The Media'a Recovery Meets Real World Collapse

Its fun to turn on the television in the morning and hear about the new bull market. The mustard seeds in the economy that have now sprouted into green shoots that are laying the foundation for our recovery and future economic bliss. What a wonderful thought.

I spent a few hours this afternoon with a custom home builder in the community that I sell real estate in. He has a few inventory homes for sale around the city, one of which is located in my community. All of his homes are currently "under water." This means that his loan/mortgage on the properties are higher than the value of the homes if he were to sell them.

For example, he built a house 3 years ago that is still for sale today. His loan on the home is $800,000, and its price if it were to sell today would be $600,000 before commissions and closing costs. He is $200,000 "under water" on the home.

This builder has two options; he can continue to make the interest payments to the banks on all of his homes every month and hope that a buyer comes along, or he can stop making payments and call the bank to work out a deal.

He has decided to do the latter. (Which is the correct business decision) He called the bank this morning and told them he is ready to declare bankruptcy. That word immediately prompts the person taking the call to transfer him to the part of the bank known as the work out department. They try and "work out" deals so the bank does not have to take the property back on their books and recognize a loss.

Where the world on television differs slightly from the real world was the conversation that followed.

The girl who answered the phone listened to this builder's situation. He then asked her if his situation was beyond repair. To comfort him some, she let him know that the last three people she got off the phone with were in tears the entire phone call. She told him that she takes calls daily from very, very prominent people in Charlotte who are in his same situation only with hundreds of millions in debt.

She told him that restaurants, shopping mall owners, office building owners, small businesses, land developers, regular citizens, and just about every home builder in the city were all calling her department on a daily basis. (Or the work out department of a similar bank that holds the debt)

She told him that they have shut down most departments of the bank, and they have essentially moved the ENTIRE staff to the work out department. Its not that they are not giving out new loans, its that the thought would never even cross their minds.

She told this man that she would be in touch with him in 5 to 6 weeks at the earliest. She said with the entire staff working around the clock, it will take that long for them just to look at his loan.

This conversation has not been exaggerated in any way. This is what is happening in the world behind the curtain. This is what is taking place in every bank across the country as we speak. Fortunately for her, Charlotte has not been hit as badly as banks in California, Nevada, or Florida. I can only imagine what is taking place in those offices.

When a bank takes losses that exceed their capital base (cash on hand), they are forced to close their doors. When this happens the FDIC shows up at their door, takes over their bank, and sells off their assets to a new buyer. The FDIC takes losses during this process that it must pull from their reserves.

The FDIC started 2008 with $60 billion in reserves. A few weeks ago they approached Congress and told them they were now down to $13 billion. With a swift weekend move that many around the country did not even notice, Congress approved an additional $500 billion for the FDIC to use as reserves.

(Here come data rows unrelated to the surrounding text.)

lemma is_bond_iff: "is_bond n E H \<longleftrightarrow> H \<subseteq> E \<and> (\<forall>e\<in>E. e \<in> linked H \<longrightarrow> e \<in> H)"
proof
  assume bond: "is_bond n E H"
  have "(i, j) \<in> H" if "(i, j) \<in> E" "(i, j) \<in> linked H" for i j
  proof -
    let ?C = "linked H `` {i}"
    have "?C \<in> blocks n H"
      using edge_range[OF that(1)] by (simp add: block_of_vertex)
    moreover have "(i, j) \<in> induced_edges E ?C"
      using that by (simp add: induced_edges_def)
    ultimately have "(i, j) \<in> induced_edges H ?C"
      using bond by (simp add: is_bond_def)
    then show ?thesis
      by (simp add: induced_edges_def)
  qed
  with bond show "H \<subseteq> E \<and> (\<forall>e\<in>E. e \<in> linked H \<longrightarrow> e \<in> H)"
    by (auto simp: is_bond_def)
next
  assume closed: "H \<subseteq> E \<and> (\<forall>e\<in>E. e \<in> linked H \<longrightarrow> e \<in> H)"
  have "induced_edges E C \<subseteq> induced_edges H C" if "C \<in> blocks n H" for C
    using closed linked_if_in_same_block[OF that] by (auto simp: induced_edges_def)
  with closed show "is_bond n E H"
    by (auto simp: is_bond_def induced_edges_def)
qed

lemma bond_subset_E: "is_bond n E H \<Longrightarrow> H \<subseteq> E"
  by (simp add: is_bond_def)

lemma edge_in_bond_if_linked: "is_bond n E H \<Longrightarrow> e \<in> E \<Longrightarrow> e \<in> linked H \<Longrightarrow> e \<in> H"
  by (simp add: is_bond_iff)

definition bond_closure :: "edge set \<Rightarrow> edge set" where
  "bond_closure S = {e \<in> E. e \<in> linked S}"

lemma subset_bond_closure: "S \<subseteq> E \<Longrightarrow> S \<subseteq> bond_closure S"
  unfolding bond_closure_def using edge_linked(1)[of _ _ S] by auto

(The reason this money is necessary is so customers keeping money at the bank do not fear that their money is in danger. For example, you may have heard that the FDIC guarantees $250,000 of your savings if your bank should close. This keeps a panic bank run from taking place)

Seeing what is happening every day on the economic battlefield is a frightening image. The losses pouring into banks across the country are only at the very early stages, and by the time its over I believe that $500 billion will only be the down payment needed to rescue the regional banks.